Front Med (Lausanne). 2026 May 14;13:1804544. doi: 10.3389/fmed.2026.1804544. eCollection 2026.

ABSTRACT

BACKGROUND: Chronic obstructive pulmonary disease (COPD) is a chronic respiratory disease characterized by persistent respiratory symptoms and progressive airflow limitation. Acute exacerbations of COPD (AECOPD) are significant causes of hospitalization and death among COPD patients. This study aims to identify risk factors for AECOPD exacerbations and develop a highly accurate and interpretable predictive model using various statistical and machine learning methods.
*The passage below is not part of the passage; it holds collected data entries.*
lemma crosses_interleaved:
  assumes cc: "convex_clockwise P k" and order: "a < c" "c < b" "b < d" "d < 2*k"
  shows "crosses P {a, b} {c, d}"
proof -
  define A B C D where "A = P a" and "B = P b" and "C = P c" and "D = P d"
  define \<alpha> \<beta> \<gamma> \<delta> where "\<alpha> = orient C D A" and "\<beta> = orient C D B"
    and "\<gamma> = orient A B C" and "\<delta> = orient A B D"
  note defs = A_def B_def C_def D_def \<alpha>_def \<beta>_def \<gamma>_def \<delta>_def
  have signs: "\<alpha> < 0" "0 < \<beta>" "0 < \<gamma>" "\<delta> < 0"
    using clockwise_orient_sign[OF cc, of c d a] clockwise_orient_sign[OF cc, of c d b]
      clockwise_orient_sign[OF cc, of a b c] clockwise_orient_sign[OF cc, of a b d] order
    unfolding defs by auto
  \<comment> \<open>the intersection point of the two lines, written in barycentric form on both chords\<close>
  have id1: "\<beta> - \<alpha> = \<gamma> - \<delta>"
    unfolding defs orient_def by (simp add: algebra_simps)
  have id2: "\<beta> * A$i - \<alpha> * B$i = \<gamma> * D$i - \<delta> * C$i" if "i = 1 \<or> i = 2" for i
    using that unfolding defs orient_def by (auto simp: algebra_simps)
  define u where "u = - \<alpha> / (\<beta> - \<alpha>)"
  define s where "s = \<gamma> / (\<gamma> - \<delta>)"
  define x where "x = (1 - u) *\<^sub>R A + u *\<^sub>R B"
  have u: "0 \<le> u" "u \<le> 1" and s: "0 \<le> s" "s \<le> 1"
    using signs unfolding u_def s_def by (auto simp: field_simps)
  have x_AB: "x \<in> closed_segment A B"
    unfolding closed_segment_def x_def using u by blast
  have "x = (1 - s) *\<^sub>R C + s *\<^sub>R D"
  proof (rule vec2_eqI)
    have L: "x $ i = (\<beta> * A$i - \<alpha> * B$i) / (\<beta> - \<alpha>)" for i
      using signs unfolding x_def u_def by (simp add: divide_simps) (simp add: algebra_simps)?
    have R: "((1 - s) *\<^sub>R C + s *\<^sub>R D) $ i = (\<gamma> * D$i - \<delta> * C$i) / (\<gamma> - \<delta>)" for i
      using signs unfolding s_def by (simp add: divide_simps) (simp add: algebra_simps)?
    show "x $ 1 = ((1 - s) *\<^sub>R C + s *\<^sub>R D) $ 1" "x $ 2 = ((1 - s) *\<^sub>R C + s *\<^sub>R D) $ 2"
      unfolding L R using id1 id2[of 1] id2[of 2] by simp_all
  qed
  then have x_CD: "x \<in> closed_segment C D"
    unfolding closed_segment_def using s by blast
  have "{a, b} \<inter> {c, d} = {}"
    using order by auto
  then show ?thesis
    unfolding crosses_def seg_doubleton using x_AB x_CD A_def B_def C_def D_def by auto
qed

lemma crosses_if_interleaved:
  assumes cc: "convex_clockwise P k" and ab: "a < b" "b < 2*k" and cd: "c < 2*k" "d < 2*k"
    and disj: "c \<notin> {a, b}" "d \<notin> {a, b}"
    and interleaved: "(a < c \<and> c < b) \<noteq> (a < d \<and> d < b)"
  shows "crosses P {a, b} {c, d}"
proof -
  have one_inside: "crosses P {a, b} {c, d}"
    if "c < 2*k" "d < 2*k" "d \<notin> {a, b}" "a < c" "c < b" "\<not> (a < d \<and> d < b)" for c d
  proof (cases "d < a")
    case True
    then have "crosses P {d, c} {a, b}"
      using crosses_interleaved[OF cc, of d a c b] that ab by simp
    then show ?thesis by (metis crosses_commute insert_commute)
  next
    case False
    then have "b < d" using that by auto
    then show ?thesis using crosses_interleaved[OF cc, of a c b d] that ab by simp
  qed
  show ?thesis
  proof (cases "a < c \<and> c < b")
    case True
    then show ?thesis using one_inside[of c d] assms by auto
  next
    case False
    then have "crosses P {a, b} {d, c}" using one_inside[of d c] assms by auto
    then show ?thesis by (metis insert_commute)
  qed
qed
METHODS: We retrospectively analyzed data from 2,102 COPD patients admitted between 1 January 2019 and 31 December 2024. The primary outcome was AECOPD severity, defined as the need for treatment escalation. Initial feature selection was performed using LASSO regression to identify potential risk factors. To validate the model’s effectiveness and explore its superior predictive performance, the dataset was partitioned by time period and proportion: The first 70% of observations in chronological order were used as the training set, with the remaining 30% as the test set. Multiple machine learning algorithms were then employed for model construction and comparison. To enhance model interpretability, we utilized SHapley Additive exPlanations (SHAP) to illustrate the contribution of each variable to the prediction outcomes.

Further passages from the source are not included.